# 189 Visa - confused, please help!



## leocb (Jan 5, 2017)

Hi There

I am newbie to the forum and would appreciate all and any guidance . My hubby and I are applying for the above Visa to Australia and are still at the very beginning of our process. 

Does he need to complete an assessment with TRA before we submit his EOI? We have completed and on the last page this has been the response:

Visa type summary
The EOI for this subclass will not be considered for an invitation at this time, because according to the client's claims:
•The client does not have a skills assessment
•The client's English language ability may be below the level needed for this visa subclass.

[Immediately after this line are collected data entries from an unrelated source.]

(* Let $n\ge6$ and $C=(v_0,v_{n-2},v_2)$. Then $|H_n^{(3)}(C)|=\min_{C'}|H_n^{(3)}(C')|$, where $C'$ ranges over all $3$-valid tuples of length $3$ in $\Omega_n$.
   Context: $\Omega_n=\{v_0,\dots,v_{n-1}\}$ with cyclic order $v_0<\dots<v_{n-1}<v_0$, indices mod $n$. For distinct vertices $u,w$, $(u,w)$ is the set of vertices strictly between $u$ and $w$ moving clockwise from $u$ to $w$, and $[u,w]=(u,w)\cup\{u,w\}$. A tuple $(w_1,w_2,w_3)$ of distinct vertices is semi-valid if $w_1<w_3<w_2<w_1$ in clockwise cyclic order, and $3$-valid if moreover $|[w_i,w_{i-1}]|\ge3$ for $i=1,2,3$ (indices mod 3). $H_n^{(3)}(C)=\{e\in\binom{\Omega_n}{3}: e\cap[w_i,w_{i-1}]\neq\emptyset\ \text{for } i=1,2,3\}$. *)

theory Defs
  imports Main
begin

text \<open>Vertices of Omega_n are represented by their indices 0..<n; clockwise
  means increasing index modulo n.\<close>

definition Omega :: "nat \<Rightarrow> nat set" where
  "Omega n = {0..<n}"

definition cyc_open :: "nat \<Rightarrow> nat \<Rightarrow> nat \<Rightarrow> nat set" where
  "cyc_open n u w = {(u + k) mod n | k. 0 < k \<and> k < (w + n - u) mod n}"

definition cyc_closed :: "nat \<Rightarrow> nat \<Rightarrow> nat \<Rightarrow> nat set" where
  "cyc_closed n u w = cyc_open n u w \<union> {u, w}"

definition semi_valid :: "nat \<Rightarrow> nat \<times> nat \<times> nat \<Rightarrow> bool" where
  "semi_valid n C = (case C of (w1, w2, w3) \<Rightarrow>
     w1 \<in> Omega n \<and> w2 \<in> Omega n \<and> w3 \<in> Omega n \<and>
     w1 \<noteq> w2 \<and> w2 \<noteq> w3 \<and> w1 \<noteq> w3 \<and> w3 \<in> cyc_open n w1 w2)"

definition valid3 :: "nat \<Rightarrow> nat \<times> nat \<times> nat \<Rightarrow> bool" where
  "valid3 n C = (case C of (w1, w2, w3) \<Rightarrow>
     semi_valid n C \<and>
     card (cyc_closed n w1 w3) \<ge> 3 \<and>
     card (cyc_closed n w2 w1) \<ge> 3 \<and>
     card (cyc_closed n w3 w2) \<ge> 3)"

definition H3 :: "nat \<Rightarrow> nat \<times> nat \<times> nat \<Rightarrow> nat set set" where
  "H3 n C = (case C of (w1, w2, w3) \<Rightarrow>
     {e. e \<subseteq> Omega n \<and> card e = 3 \<and>
         e \<inter> cyc_closed n w1 w3 \<noteq> {} \<and>
         e \<inter> cyc_closed n w2 w1 \<noteq> {} \<and>
         e \<inter> cyc_closed n w3 w2 \<noteq> {}})"

end

theory Submission
  imports Defs
begin

text \<open>Rotations of the cycle preserve the number of hyperedges, so every 3-valid tuple can be
  moved to the form (v_0, v_p, v_q). Writing q = x + 2, p = x + y + 4 and n = x + y + z + 6, where
  x, y, z \<ge> 0 measure how much the three arcs exceed their minimal length, inclusion-exclusion
  over the arcs a triple misses expresses the number of hyperedges as a cubic polynomial
  F(x, y, z) in binomial coefficients. Its excess over F(0, x + y + z, 0), the value for the tuple
  (v_0, v_(n-2), v_2), is 2 (xy + yz + zx) + xyz \<ge> 0.\<close>

definition cdist :: "nat \<Rightarrow> nat \<Rightarrow> nat \<Rightarrow> nat" where
  "cdist n u w = (w + n - u) mod n"

lemma int_cdist:
  assumes "u < n" "w < n"
  shows "int (cdist n u w) = (int w - int u) mod int n"
proof -
  have "int (w + n - u) = (int w - int u) + int n" using assms by simp
  then show ?thesis unfolding cdist_def by (simp add: of_nat_mod)
qed

lemma cdist_eq_iff:
  assumes "u < n" "w < n" "k < n"
  shows "cdist n u w = k \<longleftrightarrow> (u + k) mod n = w"
proof -
  have "cdist n u w = k \<longleftrightarrow> (int w - int u) mod int n = int k mod int n"
    using int_cdist[OF assms(1,2)] assms(3) by auto
  also have "\<dots> \<longleftrightarrow> int w mod int n = (int u + int k) mod int n"
    by (simp add: mod_eq_dvd_iff algebra_simps)
  also have "\<dots> \<longleftrightarrow> int w = int ((u + k) mod n)"
    using assms(2) by (simp add: of_nat_mod)
  also have "\<dots> \<longleftrightarrow> (u + k) mod n = w" by auto
  finally show ?thesis .
qed

lemma cdist_less: "0 < n \<Longrightarrow> cdist n u w < n"
  unfolding cdist_def by simp

lemma add_cdist_mod: "u < n \<Longrightarrow> w < n \<Longrightarrow> (u + cdist n u w) mod n = w"
  by (metis cdist_eq_iff cdist_less gr_zeroI less_zeroE)

lemma cdist_add_mod: "u < n \<Longrightarrow> k < n \<Longrightarrow> cdist n u ((u + k) mod n) = k"
  by (simp add: cdist_eq_iff)

lemma cdist_eq_0_iff: "u < n \<Longrightarrow> w < n \<Longrightarrow> cdist n u w = 0 \<longleftrightarrow> u = w"
  using cdist_eq_iff[of u n w 0] by auto

lemma cdist_rotate:
  assumes "u < n" "w < n"
  shows "cdist n ((u + t) mod n) ((w + t) mod n) = cdist n u w"
proof -
  have "((u + t) mod n + cdist n u w) mod n = ((u + cdist n u w) mod n + t) mod n"
    unfolding mod_add_left_eq by (simp only: ac_simps)
  also have "\<dots> = (w + t) mod n" using add_cdist_mod[OF assms] by simp
  finally show ?thesis using assms cdist_less[of n u w] by (simp add: cdist_eq_iff)
qed

lemma cdist_swap:
  assumes "u < n" "w < n" "u \<noteq> w"
  shows "cdist n w u = n - cdist n u w"
proof -
  define d where "d = cdist n u w"
  have "0 < d" "d < n" using assms cdist_eq_0_iff cdist_less unfolding d_def by auto
  have "(w + (n - d)) mod n = ((u + d) mod n + (n - d)) mod n"
    using add_cdist_mod[OF assms(1,2)] by (simp add: d_def)
  also have "\<dots> = (u + d + (n - d)) mod n" by (rule mod_add_left_eq)
  also have "\<dots> = (u + n) mod n" using \<open>d < n\<close> by simp
  also have "\<dots> = u" using assms by simp
  finally show ?thesis
    using cdist_eq_iff[OF assms(2,1), of "n - d"] \<open>0 < d\<close> \<open>d < n\<close> by (simp add: d_def)
qed

lemma cdist_split:
  assumes "u < n" "v < n" "w < n" "cdist n u v \<le> cdist n u w"
  shows "cdist n v w = cdist n u w - cdist n u v"
proof -
  have "(v + (cdist n u w - cdist n u v)) mod n = ((u + cdist n u v) mod n + (cdist n u w - cdist n u v)) mod n"
    using add_cdist_mod[OF assms(1,2)] by simp
  also have "\<dots> = (u + cdist n u v + (cdist n u w - cdist n u v)) mod n"
    by (rule mod_add_left_eq)
  also have "\<dots> = (u + cdist n u w) mod n" using assms(4) by simp
  also have "\<dots> = w" using add_cdist_mod[OF assms(1,3)] .
  finally show ?thesis using cdist_eq_iff[OF assms(2,3)] cdist_less[of n u w] assms by simp
qed

lemma cyc_closed_eq_image:
  assumes "u < n" "w < n"
  shows "cyc_closed n u w = (\<lambda>k. (u + k) mod n) ` {0..cdist n u w}"
proof -
  have "{0..cdist n u w} = insert 0 (insert (cdist n u w) {0<..<cdist n u w})" by auto
  then show ?thesis
    using assms add_cdist_mod[OF assms]
    unfolding cyc_closed_def cyc_open_def cdist_def[symmetric] by auto
qed

lemma inj_on_rotate: "inj_on (\<lambda>k. (u + k) mod n) {..<n::nat}"
proof (rule inj_onI)
  fix a b assume "a \<in> {..<n}" "b \<in> {..<n}" and eq: "(u + a) mod n = (u + b) mod n"
  then have u: "u mod n < n" by simp
  have "a = cdist n (u mod n) ((u mod n + a) mod n)" using \<open>a \<in> {..<n}\<close> by (simp add: cdist_add_mod[OF u])
  also have "\<dots> = cdist n (u mod n) ((u mod n + b) mod n)" using eq by (simp add: mod_add_left_eq)
  also have "\<dots> = b" using \<open>b \<in> {..<n}\<close> by (simp add: cdist_add_mod[OF u])
  finally show "a = b" .
qed

lemma card_cyc_closed:
  assumes "u < n" "w < n"
  shows "card (cyc_closed n u w) = cdist n u w + 1"
proof -
  have "{0..cdist n u w} \<subseteq> {..<n}" using cdist_less[of n u w] assms by auto
  then have "inj_on (\<lambda>k. (u + k) mod n) {0..cdist n u w}"
    by (rule inj_on_subset[OF inj_on_rotate])
  then show ?thesis by (simp add: cyc_closed_eq_image[OF assms] card_image)
qed

lemma rotate_cyc_closed:
  assumes "u < n" "w < n"
  shows "(\<lambda>x. (x + t) mod n) ` cyc_closed n u w = cyc_closed n ((u + t) mod n) ((w + t) mod n)"
proof -
  have "((u + k) mod n + t) mod n = ((u + t) mod n + k) mod n" for k
    unfolding mod_add_left_eq by (simp only: ac_simps)
  then show ?thesis
    using assms by (simp add: cyc_closed_eq_image cdist_rotate image_image)
qed

lemma cyc_closed_ordered:
  assumes "u \<le> w" "w < n"
  shows "cyc_closed n u w = {u..w}"
proof -
  have "cdist n u w = w - u" using assms by (simp add: cdist_eq_iff)
  moreover have "(\<lambda>k. (u + k) mod n) ` {0..w - u} = {u..w}"
  proof -
    have "(\<lambda>k. (u + k) mod n) ` {0..w - u} = (\<lambda>k. u + k) ` {0..w - u}"
      using assms by (intro image_cong) auto
    also have "\<dots> = {u..w}" using assms(1) by (simp add: image_add_atLeastAtMost)
    finally show ?thesis .
  qed
  ultimately show ?thesis using assms by (simp add: cyc_closed_eq_image)
qed

lemma cyc_closed_to_0:
  assumes "0 < u" "u < n"
  shows "cyc_closed n u 0 = insert 0 {u..<n}"
proof -
  have "cdist n u 0 = n - u" using assms by (simp add: cdist_eq_iff)
  moreover have "(\<lambda>k. (u + k) mod n) ` {0..n - u} = insert 0 {u..<n}"
  proof -
    have "{0..n - u} = insert (n - u) {0..<n - u}" by auto
    moreover have "(\<lambda>k. (u + k) mod n) ` {0..<n - u} = (\<lambda>k. u + k) ` {0..<n - u}"
      by (intro image_cong) auto
    ultimately show ?thesis using assms by (simp add: image_add_atLeastLessThan)
  qed
  ultimately show ?thesis using assms by (simp add: cyc_closed_eq_image)
qed

definition triples :: "'a set \<Rightarrow> 'a set set" where
  "triples X = {e. e \<subseteq> X \<and> card e = 3}"

lemma card_triples: "finite X \<Longrightarrow> card (triples X) = card X choose 3"
  unfolding triples_def by (rule n_subsets)

lemma finite_triples: "finite X \<Longrightarrow> finite (triples X)"
  unfolding triples_def by (rule finite_subset[of _ "Pow X"]) auto

lemma triples_Int: "triples X \<inter> triples Y = triples (X \<inter> Y)"
  unfolding triples_def by auto

lemma int_card_Un3:
  assumes "finite A" "finite B" "finite C"
  shows "int (card (A \<union> B \<union> C)) = int (card A) + int (card B) + int (card C)
     - int (card (A \<inter> B)) - int (card (A \<inter> C)) - int (card (B \<inter> C)) + int (card (A \<inter> B \<inter> C))"
proof -
  have "card A + card B = card (A \<union> B) + card (A \<inter> B)"
    using assms by (intro card_Un_Int) auto
  moreover have "card (A \<union> B) + card C = card (A \<union> B \<union> C) + card ((A \<inter> C) \<union> (B \<inter> C))"
    using assms by (subst card_Un_Int) (auto simp: Int_Un_distrib2)
  moreover have "card (A \<inter> C) + card (B \<inter> C) = card ((A \<inter> C) \<union> (B \<inter> C)) + card (A \<inter> B \<inter> C)"
    using assms by (subst card_Un_Int) (auto simp: Int_ac)
  ultimately show ?thesis by linarith
qed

We applied for Visa's 189, 190 and 489. Where have we gone wrong?? 

please help?


----------



## ibbz87 (Jun 30, 2016)

leocb said:


> Hi There
> 
> I am newbie to the forum and would appreciate all and any guidance . My hubby and I are applying for the above Visa to Australia and are still at the very beginning of our process.
> 
> ...


hi
No you can not file eoi without a positive skill assessment from relevant body to your nominated skill as well as you need ielts or pte too even if you are not claiming any points for your english language ability

Sent from my SM-G928F using Tapatalk


----------



## sultan_azam (Sep 9, 2015)

leocb said:


> Hi There
> 
> I am newbie to the forum and would appreciate all and any guidance . My hubby and I are applying for the above Visa to Australia and are still at the very beginning of our process.
> 
> ...



select a occupation code which matches your occupation code, research on https://www.anzscosearch.com/search whether the occupation is available on Skilled Occupation List(SOL) or on Consolidated Sponsored Occupation List(CSOL)

189 - if it is available on SOL then you can go for 189 after you have done skill assessment and english test and have relevant documents

190 - if is not available on SOL but it is there on CSOL then scroll down and see which all states offer nomination to your occupation, what are the requirement for a state to offer nomination, 

do all this research before investing


----------